On-line version ISSN 2078-5135
Print version ISSN 0256-9574
SAMJ, S. Afr. med. j. vol.103 n.2 Cape Town Feb. 2013
S P C CookI; S C PasioII
IEast London Eye Centre, MB ChB, FCS (Ophthal)
IIEast London Eye Centre, B Occupational Therapy
BACKGROUND: The National School Health Policy guidelines (2002) stipulate that primary school learners should have their vision, speech, hearing, mental health, teeth, nutrition and development screened annually. In reality, especially in under-resourced areas such as the Eastern Cape, many learners with disabilities are not identified, with profound consequences for their ability to learn.
METHOD: This article describes a cost-effective and community-empowering solution, Learner-to-Learner Visual Acuity Screening, whereby secondary school learners were trained to conduct basic visual acuity (VA) eye screening for foundation-phase learners.
RESULTS: Of a group of Grade R learners, 30% were identified as having impaired VA and referred for ophthalmic or optometric evaluation.
CONCLUSIONS: This project created greater awareness among learners, parents and teachers regarding abnormal VA and increased interaction between secondary and primary school learners. This simple and cost-effective strategy could be easily and effectively replicated in other schools, helping to address the need for basic eye care.
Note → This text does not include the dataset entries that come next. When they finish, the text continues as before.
fun aas_step :: "('x \<Rightarrow> 'e \<Rightarrow> 'x option) \<Rightarrow> 'e set \<Rightarrow> 'e set \<Rightarrow> ('z \<Rightarrow> 'e \<Rightarrow> 'z option)
    \<Rightarrow> ('x, 'z, 'e) mstate \<Rightarrow> 'e mevent \<Rightarrow> ('x, 'z, 'e) mstate option" where
  "aas_step \<delta> So Sv \<xi> (Env q qt z) (Ob \<sigma>) =
     (if \<sigma> \<in> Oen (aug \<delta>) So qt (DeltaZ \<xi> z) then Some (Att q qt z \<sigma>) else None)"
| "aas_step \<delta> So Sv \<xi> (Att q qt z \<sigma>) e =
     (if e \<in> Vset Sv \<sigma> then
        (let a = hat_val e;
             \<gamma> = DeltaZ \<xi> z;
             q' = NXo \<delta> a (UR \<delta> So \<gamma> q);
             qt' = NX (aug \<delta>) \<sigma> (UR (aug \<delta>) So \<gamma> qt);
             z' = (if q' \<noteq> {} then Option.bind z (\<lambda>zz. xi_opt \<xi> zz a) else None)
         in Some (Env q' qt' z'))
      else None)"
| "aas_step \<delta> So Sv \<xi> (Env q qt z) (Hat _) = None"
| "aas_step \<delta> So Sv \<xi> (Env q qt z) HatEps = None"

definition aas_init :: "'x set \<Rightarrow> 'z \<Rightarrow> ('x, 'z, 'e) mstate" where
  "aas_init X0 z0 = Env X0 {(x, x) | x. x \<in> X0} (Some z0)"

fun Qdet :: "'x set \<Rightarrow> ('x, 'z, 'e) mstate \<Rightarrow> bool" where
  "Qdet Xsec (Env q qt z) = (Iof qt \<subseteq> Xsec \<or> Iof qt \<inter> Xsec = {})"
| "Qdet Xsec (Att _ _ _ _) = False"

fun Qud :: "('x \<Rightarrow> 'e \<Rightarrow> 'x option) \<Rightarrow> 'e set \<Rightarrow> ('z \<Rightarrow> 'e \<Rightarrow> 'z option) \<Rightarrow> 'x set
    \<Rightarrow> ('x, 'z, 'e) mstate \<Rightarrow> bool" where
  "Qud \<delta> So \<xi> Xsec (Env q qt z) =
     (Iof qt \<inter> Xsec \<noteq> {} \<and>
      (\<forall>(x0, x)\<in>UR (aug \<delta>) So (DeltaZ \<xi> z) qt. x0 \<in> Xsec \<longrightarrow>
          (\<exists>x0'. (x0', x) \<in> UR (aug \<delta>) So (DeltaZ \<xi> z) qt \<and> x0' \<notin> Xsec)))"
| "Qud \<delta> So \<xi> Xsec (Att _ _ _ _) = False"

text \<open>Transitions of the simplified AAS (before restriction to the reachable part).\<close>
definition ms_step :: "('x \<Rightarrow> 'e \<Rightarrow> 'x option) \<Rightarrow> 'e set \<Rightarrow> 'e set \<Rightarrow> ('z \<Rightarrow> 'e \<Rightarrow> 'z option) \<Rightarrow> 'x set
    \<Rightarrow> ('x, 'z, 'e) mstate \<Rightarrow> 'e mevent \<Rightarrow> ('x, 'z, 'e) mstate option" where
  "ms_step \<delta> So Sv \<xi> Xsec s e =
     (if Qdet Xsec s \<or> Qud \<delta> So \<xi> Xsec s then None else aas_step \<delta> So Sv \<xi> s e)"

inductive_set reach :: "('s \<Rightarrow> 'a \<Rightarrow> 's option) \<Rightarrow> 's \<Rightarrow> 's set" for step q0 where
  reach_init: "q0 \<in> reach step q0"
| reach_step: "q \<in> reach step q0 \<Longrightarrow> step q e = Some q' \<Longrightarrow> q' \<in> reach step q0"

text \<open>Single attack structure m (given by its transition function) of the automaton
  with transition function ms and initial state q0 (states reachable from q0).\<close>
definition is_SAS :: "(('x, 'z, 'e) mstate \<Rightarrow> 'e mevent \<Rightarrow> ('x, 'z, 'e) mstate option)
    \<Rightarrow> ('x, 'z, 'e) mstate \<Rightarrow> (('x, 'z, 'e) mstate \<Rightarrow> 'e mevent \<Rightarrow> ('x, 'z, 'e) mstate option) \<Rightarrow> bool" where
  "is_SAS ms q0 m =
     ((\<forall>q e q'. m q e = Some q' \<longrightarrow> q \<in> reach ms q0 \<and> ms q e = Some q') \<and>
      (\<forall>q\<in>reach m q0. is_att q \<longrightarrow> (\<exists>!e. m q e \<noteq> None)) \<and>
      (\<forall>q\<in>reach m q0. is_env q \<longrightarrow> (\<forall>e. ms q e \<noteq> None \<longrightarrow> m q e = ms q e)))"

definition obs_of :: "'e mevent list \<Rightarrow> 'e list" where
  "obs_of h = concat (map (\<lambda>e. case e of Ob \<sigma> \<Rightarrow> [\<sigma>] | _ \<Rightarrow> []) h)"

definition ext_strings :: "(('x, 'z, 'e) mstate \<Rightarrow> 'e mevent \<Rightarrow> ('x, 'z, 'e) mstate option)
    \<Rightarrow> ('x, 'z, 'e) mstate \<Rightarrow> 'e mevent list set" where
  "ext_strings m q0 = {h. \<exists>q. deltas m q0 h = Some q \<and> is_env q}"

definition induced :: "(('x, 'z, 'e) mstate \<Rightarrow> 'e mevent \<Rightarrow> ('x, 'z, 'e) mstate option)
    \<Rightarrow> ('x, 'z, 'e) mstate \<Rightarrow> 'e list \<Rightarrow> 'e option" where
  "induced m q0 \<alpha> =
     (if \<alpha> = [] then None
      else if \<exists>h\<in>ext_strings m q0. obs_of h = \<alpha>
      then hat_val (last (THE h. h \<in> ext_strings m q0 \<and> obs_of h = \<alpha>))
      else Some (last \<alpha>))"

end

theory Submission
  imports Defs
begin

text \<open>Along an observation \<open>\<beta>\<close>, the environment state of the All Attack Structure reached
  under an attacker \<open>A\<close> records the supervisor's estimate and the state of \<open>H\<close> after the
  corrupted observation \<open>g_A(\<beta>)\<close> (or \<open>z_att\<close> once the attack is exposed), together with the
  augmented estimate of the attacked loop \<open>S_A/G\<close>. Hence \<open>A\<close> is IS-detectable iff its run
  reaches a state from which an enabled event leads to a positively detected state. The run
  stays inside the simplified structure until that happens: before positive detection it cannot
  enter a negatively detected state, since the secret initial state revealed later is still
  consistent, nor an undetectable one, since there every secret initial state has a non-secret
  twin in the same current state and twins share all continuations. A single attack structure
  through the detecting state induces an IS-detectable attacker; conversely every single attack
  structure induces an attacker.\<close>

lemma deltas_Nil [simp]: "deltas \<delta> x [] = Some x"
  by (simp add: deltas_def)

lemma deltas_Cons [simp]: "deltas \<delta> x (\<sigma> # s) = Option.bind (\<delta> x \<sigma>) (\<lambda>y. deltas \<delta> y s)"
proof -
  have stuck: "foldl (\<lambda>acc \<sigma>. Option.bind acc (\<lambda>y. \<delta> y \<sigma>)) None t = None" for t
    by (induction t) auto
  show ?thesis
    by (cases "\<delta> x \<sigma>") (simp_all add: deltas_def stuck)
qed

lemma deltas_append: "deltas \<delta> x (s @ t) = Option.bind (deltas \<delta> x s) (\<lambda>y. deltas \<delta> y t)"
  by (induction s arbitrary: x) (auto intro: Option.bind_cong)

lemma deltas_snoc: "deltas \<delta> x (s @ [\<sigma>]) = Option.bind (deltas \<delta> x s) (\<lambda>y. \<delta> y \<sigma>)"
  by (simp add: deltas_append bind_eq_None_conv split: Option.bind_split)

lemma deltas_append_None: "deltas \<delta> x s = None \<Longrightarrow> deltas \<delta> x (s @ t) = None"
  by (simp add: deltas_append)

lemma reach_iff_deltas: "q \<in> reach step q0 \<longleftrightarrow> (\<exists>h. deltas step q0 h = Some q)"
proof
  assume "q \<in> reach step q0"
  then show "\<exists>h. deltas step q0 h = Some q"
  proof (induction rule: reach.induct)
    case reach_init
    show ?case by (metis deltas_Nil)
  next
    case (reach_step q e q')
    then obtain h where "deltas step q0 h = Some q" by blast
    with reach_step.hyps(2) show ?case by (metis deltas_snoc bind.simps(2))
  qed
next
  assume "\<exists>h. deltas step q0 h = Some q"
  then obtain h where "deltas step q0 h = Some q" by blast
  then show "q \<in> reach step q0"
  proof (induction h arbitrary: q rule: rev_induct)
    case Nil
    then show ?case by (auto intro: reach.intros)
  next
    case (snoc e h)
    then obtain p where "deltas step q0 h = Some p" "step p e = Some q"
      by (auto simp: deltas_snoc bind_eq_Some_conv)
    with snoc.IH show ?case by (auto intro: reach.intros)
  qed
qed

lemma proj_Nil [simp]: "proj So [] = []"
  by (simp add: proj_def)

lemma proj_append [simp]: "proj So (s @ t) = proj So s @ proj So t"
  by (simp add: proj_def)

lemma proj_Cons [simp]: "proj So (a # s) = (if a \<in> So then a # proj So s else proj So s)"
  by (simp add: proj_def)

lemma proj_eq_Nil_iff: "proj So s = [] \<longleftrightarrow> set s \<subseteq> - So"
  by (auto simp: proj_def filter_empty_conv)

lemma proj_eq_append_split:
  "proj So s = \<alpha> @ \<gamma> \<Longrightarrow> \<exists>s1 s2. s = s1 @ s2 \<and> proj So s1 = \<alpha> \<and> proj So s2 = \<gamma>"
proof (induction \<alpha> arbitrary: s)
  case Nil
  then show ?case by (metis append_Nil proj_Nil)
next
  case (Cons a \<alpha>)
  then obtain us vs where s: "s = us @ a # vs" "proj So us = []" "a \<in> So" "proj So vs = \<alpha> @ \<gamma>"
    by (auto simp: proj_def filter_eq_Cons_iff filter_empty_conv)
  from Cons.IH[OF s(4)] obtain v1 v2 where "vs = v1 @ v2" "proj So v1 = \<alpha>" "proj So v2 = \<gamma>"
    by blast
  with s show ?case
    by (intro exI[of _ "us @ a # v1"] exI[of _ v2]) (simp add: proj_def)
qed

lemma proj_eq_snoc_split:
  assumes "proj So s = \<beta> @ [\<sigma>]"
  shows "\<exists>s1 w. s = s1 @ \<sigma> # w \<and> proj So s1 = \<beta> \<and> \<sigma> \<in> So \<and> set w \<subseteq> - So"
proof -
  obtain s1 s2 where s: "s = s1 @ s2" "proj So s1 = \<beta>" "proj So s2 = [\<sigma>]"
    using proj_eq_append_split[OF assms] by blast
  then obtain us vs where "s2 = us @ \<sigma> # vs" "proj So us = []" "\<sigma> \<in> So" "proj So vs = []"
    unfolding proj_def filter_eq_Cons_iff by (metis filter_False)
  with s show ?thesis
    by (intro exI[of _ "s1 @ us"] exI[of _ vs]) (simp add: proj_eq_Nil_iff)
qed

lemma clang_deltas: "s \<in> clang \<delta> So T x0 \<Longrightarrow> \<exists>x. deltas \<delta> x0 s = Some x"
  by (induction rule: clang.induct) auto

lemma clang_snoc_iff:
  "s @ [\<sigma>] \<in> clang \<delta> So T x0 \<longleftrightarrow>
     s \<in> clang \<delta> So T x0 \<and> deltas \<delta> x0 (s @ [\<sigma>]) \<noteq> None \<and> \<sigma> \<in> T (proj So s)"
  by (auto elim: clang.cases intro: clang.intros)

lemma clang_prefix: "s @ t \<in> clang \<delta> So T x0 \<Longrightarrow> s \<in> clang \<delta> So T x0"
  by (induction t rule: rev_induct) (auto simp: clang_snoc_iff simp flip: append_assoc)

lemma clang_append_unobservable_iff:
  assumes "set w \<subseteq> - So"
  shows "s @ w \<in> clang \<delta> So T x0 \<longleftrightarrow>
    s \<in> clang \<delta> So T x0 \<and> set w \<subseteq> T (proj So s) \<and> deltas \<delta> x0 (s @ w) \<noteq> None"
  using assms
proof (induction w rule: rev_induct)
  case Nil
  then show ?case by (auto dest: clang_deltas)
next
  case (snoc a w)
  have "proj So w = []"
    using snoc.prems by (simp add: proj_eq_Nil_iff)
  moreover have "deltas \<delta> x0 (s @ w @ [a]) \<noteq> None \<Longrightarrow> deltas \<delta> x0 (s @ w) \<noteq> None"
    using deltas_append_None[of \<delta> x0 "s @ w" "[a]"] by (metis append_assoc)
  ultimately show ?case
    using snoc by (auto simp: clang_snoc_iff simp flip: append_assoc)
qed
The South African (SA) government pledged to 'Put Children First' by becoming a signatory to the Convention on the Rights of the Child, and by according children special recognition in the Bill of Rights of the SA Constitution, promulgated in 1996. This commitment requires that children's rights are upheld and that adequate provision is made for them to reach their full potential in every aspect of their lives.
Since the right to optimal health and development is especially significant during the early school years, the National School Health Policy of 20021 stipulates that all Grade R learners attached to a primary school should be assessed to identify barriers to learning, as well as all new Grade One learners not assessed in Grade R. Such assessments would include: hearing; vision screening; speech impairment; physical examination for gross locomotor dysfunction; oral health and anthropometric assessment. At present, the state employs 310 school health nurses to service more than 12 000 primary schools. In reply to a parliamentary question in February 2012, Health Minister Aaron Motsoaledi acknowledged that school nurses had visited only 6 500 primary schools the previous year - leaving 5 500 schools without assessment. Moreover, he could not say whether school nurses had ever visited any primary school in either the Eastern Cape (EC) or Northern Cape (NC), because these provinces had failed to report on this issue since 2008.2
While the state supports the World Health Organization (WHO) Expert Committee's 1996 recommendation that school health programmes can increase the efficiency of the education system and reduce common health problems, it is clear that there have been major challenges in developing a national school health policy in SA. If we are to effectively 'put children first', we require different ways of approaching these challenges, especially in resource-scarce provinces such as the EC.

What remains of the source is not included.